# Tight Coupling for the Next Generation of HPC

**Dr. Robert W. Wisniewski**

**Senior Vice President, Chief Architect of HPC**

**Head of Samsung's SAIT Systems Architecture Lab**

**SAIT (Samsung Advanced Institute of Technology) Samsung Electronics**

# Acknowledgments

- SAIT GSP
  - Jared Alvey, Byungwoo Bang, Rohit Bhatia, Eric Borch, Ralph Castain, Sourav Chakraborty, Yong Chen, Jai Dayal, Aditya Deshpande, Praveen Francis, Manisha Gajbe, Alan Gara, Sharon Hall, Angela Highfill-Enriquez, Young-jun Hong, Wei Huang, Hanwoong Jong, Doug Joseph, Jihwan Kim, Jin Kim, Kelly Kim, Kyunghoon Kim, Sang Joon Kim, Taeksoo Kim, Patrick La Fratta, David Lombard, Michelle Kim, Zaid McKie-Krisberg, Thomas Labonte, Sehwan Lee, Seungwon Lee, Seungwook Lee, James Loo, Alfredo Metere, Ron Minnich, Shubham Nema, Quan Nguyen, Dave Poulsen, Ali Raza, Rolf Riesen, Arun Rodrigues, Nick Romero, Kyung Ryu, Samantika Sury, Andy Tauferner, Casey Thielen, Matt Turner, Greg Warren, Jim Wayda, Andy Whitaker, Robert Wisniewski, Matthew Wolf, SeokYoung Yoon, Jaehoon Yu, Elisabeth Zeller, Tina Zou, ++
- Previous Contributors
  - Wooseok Chang, Changkyu Choi, Wonyong Lee, Eunsoo Shim, Sehyun Yang

# Note

- Ideas and material presented in the following slides are my view of a good technology direction and may or may not represent development or product direction for Samsung. If interested in those details, an NDA discussion would be required.

# Global SAIT (Samsung Advanced Institute of Technology) Labs

- SAIT was established in 1987 as a corporate R&D Center
  - Founding Philosophy: "Boundless Research for Breakthroughs"

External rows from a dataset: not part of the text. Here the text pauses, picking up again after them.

lemma subst_pos_0 [simp]: "subst_pos n v 0 = 0"
  by (simp add: subst_pos_def)

lemma subst_pos_Suc:
  "i < length v \<Longrightarrow> subst_pos n v (Suc i) = subst_pos n v i + (if v ! i = 0 then length (Wm n) else 1)"
  by (simp add: subst_pos_def take_Suc_conv_app_nth)

lemma subst_pos_less: "i < j \<Longrightarrow> j \<le> length v \<Longrightarrow> subst_pos n v i < subst_pos n v j"
proof (induction j)
  case (Suc j)
  then have "subst_pos n v i \<le> subst_pos n v j"
    by (cases "i = j") auto
  then show ?case
    using Suc.prems subst_pos_Suc[of j v n] length_Wm_ge[of n] by simp
qed simp

lemma subst_pos_less_iff:
  "i \<le> length v \<Longrightarrow> j \<le> length v \<Longrightarrow> subst_pos n v i < subst_pos n v j \<longleftrightarrow> i < j"
  by (metis subst_pos_less less_asym linorder_neqE_nat)

lemma subst_pos_inject:
  "i \<le> length v \<Longrightarrow> j \<le> length v \<Longrightarrow> subst_pos n v i = subst_pos n v j \<longleftrightarrow> i = j"
  by (metis subst_pos_less less_irrefl linorder_neqE_nat)

lemma subst_pos_Suc_level: "subst_pos (Suc n) v i = subst_pos n (subst 1 v) (subst_pos 1 v i)"
proof -
  have "subst 1 v = subst 1 (take i v) @ subst 1 (drop i v)"
    by (metis append_take_drop_id subst_append)
  then have "take (subst_pos 1 v i) (subst 1 v) = subst 1 (take i v)"
    unfolding subst_pos_def by simp
  then show ?thesis
    unfolding subst_pos_def subst_Suc[of n] by simp
qed

lemma nth_subst_pos: "i < length v \<Longrightarrow> subst n v ! subst_pos n v i = (if v ! i = 0 then 0 else 1)"
proof -
  assume "i < length v"
  then have "subst n v = subst n (take i v) @ subst n (v ! i # drop (Suc i) v)"
    by (metis Cons_nth_drop_Suc append_take_drop_id subst_append)
  then show ?thesis
    by (simp add: subst_pos_def nth_append Wm_nth_0 Wm_not_Nil)
qed

lemma occ_subst: "occ u v s \<Longrightarrow> occ (subst n u) (subst n v) (subst_pos n v s)"
proof -
  assume "occ u v s"
  then have "subst n v = subst n (take s v) @ subst n u @ subst n (drop (length u) (drop s v))"
    by (metis occ_decomp subst_append)
  then show ?thesis
    by (simp add: occ_def subst_pos_def)
qed

lemma subst_pos_0_eq: "subst_pos 0 v i = min i (length v)"
  by (simp add: subst_pos_def subst_0)

lemma subst_pos_eq_Suc:
  assumes "i < length v" and "j \<le> length v"
    and "subst_pos n v j = subst_pos n v i + (if v ! i = 0 then length (Wm n) else 1)"
  shows "j = Suc i"
  using assms subst_pos_Suc[of i v n] subst_pos_inject[of j v "Suc i" n] by simp

lemma subst_Cons_split: "subst n (c # v) = subst n [c] @ subst n v"
  by (metis append_Cons append_Nil subst_append)

lemma occ_Wm_1_subst_1:
  "occ [0, 0, 1, 0] (subst 1 v) p \<Longrightarrow> \<exists>t<length v. v ! t = 0 \<and> p = subst_pos 1 v t"
proof (induction v arbitrary: p)
  case Nil
  then show ?case by (simp add: occ_def)
next
  case (Cons c v)
  let ?h = "subst 1 [c]"
  have in_tail: ?case if "length ?h \<le> p"
  proof -
    have "occ [0, 0, 1, 0] (subst 1 v) (p - length ?h)"
      using Cons.prems that occ_append_left_iff[of ?h p] subst_Cons_split[of 1 c v] by simp
    then obtain t where "t < length v" "v ! t = 0" "p - length ?h = subst_pos 1 v t"
      using Cons.IH by blast
    moreover have "subst_pos 1 (c # v) (Suc t) = length ?h + subst_pos 1 v t"
      using subst_Cons_split[of 1 c] by (simp add: subst_pos_def)
    ultimately show ?thesis
      using that by (intro exI[of _ "Suc t"]) auto
  qed
  show ?case
  proof (cases "c = 0")
    case True
    then have h: "?h = [0, 0, 1, 0]" by simp
    consider "p = 0" | "p = 1" | "p = 2" | "p = 3" | "4 \<le> p" by linarith
    then show ?thesis
    proof cases
      case 4
      then have "take 3 (subst 1 v) = [0, 1, 0]"
        using Cons.prems True by (simp add: occ_def numeral_3_eq_3)
      then show ?thesis
        by (cases v) (auto split: if_splits)
    qed (use Cons.prems True h in_tail in \<open>auto simp: occ_def\<close>)
  next
    case False
    then show ?thesis
      using Cons.prems in_tail by (cases p) (auto simp: occ_def)
  qed
qed

text \<open>Inductive step of recognizability: an occurrence of \<open>W\<^sub>n\<^sub>+\<^sub>1 = W\<^sub>n W\<^sub>n 1 W\<^sub>n\<close> whose
  copies of \<open>W\<^sub>n\<close> are aligned covers the images of four consecutive letters 0010.\<close>

lemma occ_Wm_Suc_subst_aligned:
  assumes aligned: "\<And>q. occ (Wm n) (subst n w) q \<Longrightarrow> \<exists>t<length w. w ! t = 0 \<and> q = subst_pos n w t"
    and binary: "set w \<subseteq> {0, 1}"
    and occ: "occ (Wm (Suc n)) (subst n w) p"
  shows "\<exists>i. occ [0, 0, 1, 0] w i \<and> p = subst_pos n w i"
proof -
  define L where "L = length (Wm n)"
  have "occ (Wm n @ Wm n @ [1] @ Wm n) (subst n w) p"
    using occ by simp
  note split = occ_appendD[OF this] occ_appendD[OF occ_appendD(2)[OF this]]
    occ_appendD[OF occ_appendD(2)[OF occ_appendD(2)[OF this]]]
  then have o1: "occ (Wm n) (subst n w) p" and o2: "occ (Wm n) (subst n w) (p + L)"
    and o3: "occ [1] (subst n w) (p + L + L)" and o4: "occ (Wm n) (subst n w) (p + L + L + 1)"
    unfolding L_def by simp_all
  obtain i where i: "i < length w" "w ! i = 0" "p = subst_pos n w i"
    using aligned[OF o1] by blast
  obtain j where j: "j < length w" "w ! j = 0" "subst_pos n w j = p + L"
    using aligned[OF o2] by metis
  obtain l where l: "l < length w" "w ! l = 0" "subst_pos n w l = p + L + L + 1"
    using aligned[OF o4] by metis
  have ji: "j = Suc i"
    using subst_pos_eq_Suc[of i w j n] i j unfolding L_def by simp
  have pos2: "subst_pos n w (Suc (Suc i)) = p + L + L"
    using subst_pos_Suc[of "Suc i" w n] subst_pos_Suc[of i w n] i j ji unfolding L_def by simp
  have "Suc (Suc i) < l"
    using subst_pos_less_iff[of "Suc (Suc i)" w l n] pos2 l j ji by simp
  with l have i2: "Suc (Suc i) < length w" by simp
  have "subst n w ! (p + L + L) = 1"
    using o3 by (simp add: occ_iff_nth)
  then have "w ! Suc (Suc i) \<noteq> 0"
    using nth_subst_pos[OF i2, of n] pos2 by (auto split: if_splits)
  then have w2: "w ! Suc (Suc i) = 1"
    using binary nth_mem[OF i2] by auto
  have "l = Suc (Suc (Suc i))"
    using subst_pos_eq_Suc[of "Suc (Suc i)" w l n] i2 pos2 w2 l by simp
  then have "occ [0, 0, 1, 0] w i"
    using i j ji w2 l by (auto simp: occ_iff_nth less_Suc_eq numeral_eq_Suc)
  with i show ?thesis by blast
qed

lemma occ_Wm_subst:
  "occ (Wm n) (subst n v) p \<Longrightarrow> \<exists>t<length v. v ! t = 0 \<and> p = subst_pos n v t"
proof (induction n arbitrary: v p)
  case 0
  then show ?case
    by (auto simp: occ_iff_nth subst_0 subst_pos_0_eq split: if_splits intro!: exI[of _ p])
next
  case (Suc n)
  have "occ (Wm (Suc n)) (subst n (subst 1 v)) p"
    using Suc.prems unfolding subst_Suc[of n v] .
  then obtain i where "occ [0, 0, 1, 0] (subst 1 v) i" and p: "p = subst_pos n (subst 1 v) i"
    using occ_Wm_Suc_subst_aligned[where w = "subst 1 v", OF Suc.IH set_subst] by blast
  then obtain t where "t < length v" "v ! t = 0" "i = subst_pos 1 v t"
    using occ_Wm_1_subst_1 by blast
  then show ?case
    using p subst_pos_Suc_level[of n v t] by auto
qed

# Systems Architecture Lab

- Vision
  - To develop the most innovative technologies for future HPC and AI systems
- Strategy
  - To break through the memory wall by significantly increasing the memory byte/flop ratio and reducing the power per bit with memory coupled compute
  - To break through the communication wall with high network byte/flop ratio utilizing memory coupled compute efficiencies and novel fabric technologies

# Overview

- An inspiring observation
- Key considerations for HPC and AI systems
- The memory wall
- Tight coupling
- The communication wall
- Putting it all together
- Conclusion

# Discontinuities

- Vectors (Cray)
- Microprocessors (Beowulf)
- Multicore, multithread (x86/ Power)
- Massive parallelism (Blue Gene)
- Heterogeneity (GPUs)
- Memory coupled compute
  - The next discontinuity
  - Innovate the future collaboratively



Source: Wikipedia.com based on data from the top500.org

# Key Considerations for HPC and AI Systems

- Memory
- Efficiently utilizing compute
  - Note: not more compute
- Communication

# The Memory Wall

- Coined in 1995
  - William A Wulf and Sally A McKee
    - ACM SIGARCH computer architecture news, 1995
  - Observed that processors are getting faster faster than memory is getting faster
    - “each is improving exponentially, but the exponent for microprocessors is substantially larger than that for DRAMs. The difference between diverging exponentials also grows exponentially”
  - DDR
    - DDR2-200 1.6 GB/s released 1999 available in 2000
    - DDR5 32-64 GBs released 2020 available in 2021
  - HBM
    - HBM 128 GB/s adopted and available 2013 used 2015
    - HBM3 819 GB/s January 2022

# The Memory and Communication Wall is getting Higher



<https://daydaynews.cc/en/science/the-biggest-obstacle-to-ai-training-is-not-computing-power.html>

- Modeling and simulation, and some AI apps, are memory bandwidth limited
- AI, and some mod/sim, applications are communication bandwidth limited

# Many Applications are Memory Bound

- The increasing divergence between compute and memory has led to an increasing number of applications that are memory bound
- The best component to improve modeling and simulation applications' performance is memory bandwidth



HPC Benchmarking: Scaling Right and Looking Beyond the Average,  
Milan Radulović et. al., International Conference on Parallel and  
Distributed Computing, 2018

# Impact of Memory Performance



Stochastic Gradient Descent used in Machine Learning Algorithms



Hydrodynamics code used in Classical HPC

Why are we spending so many cycles communicating data?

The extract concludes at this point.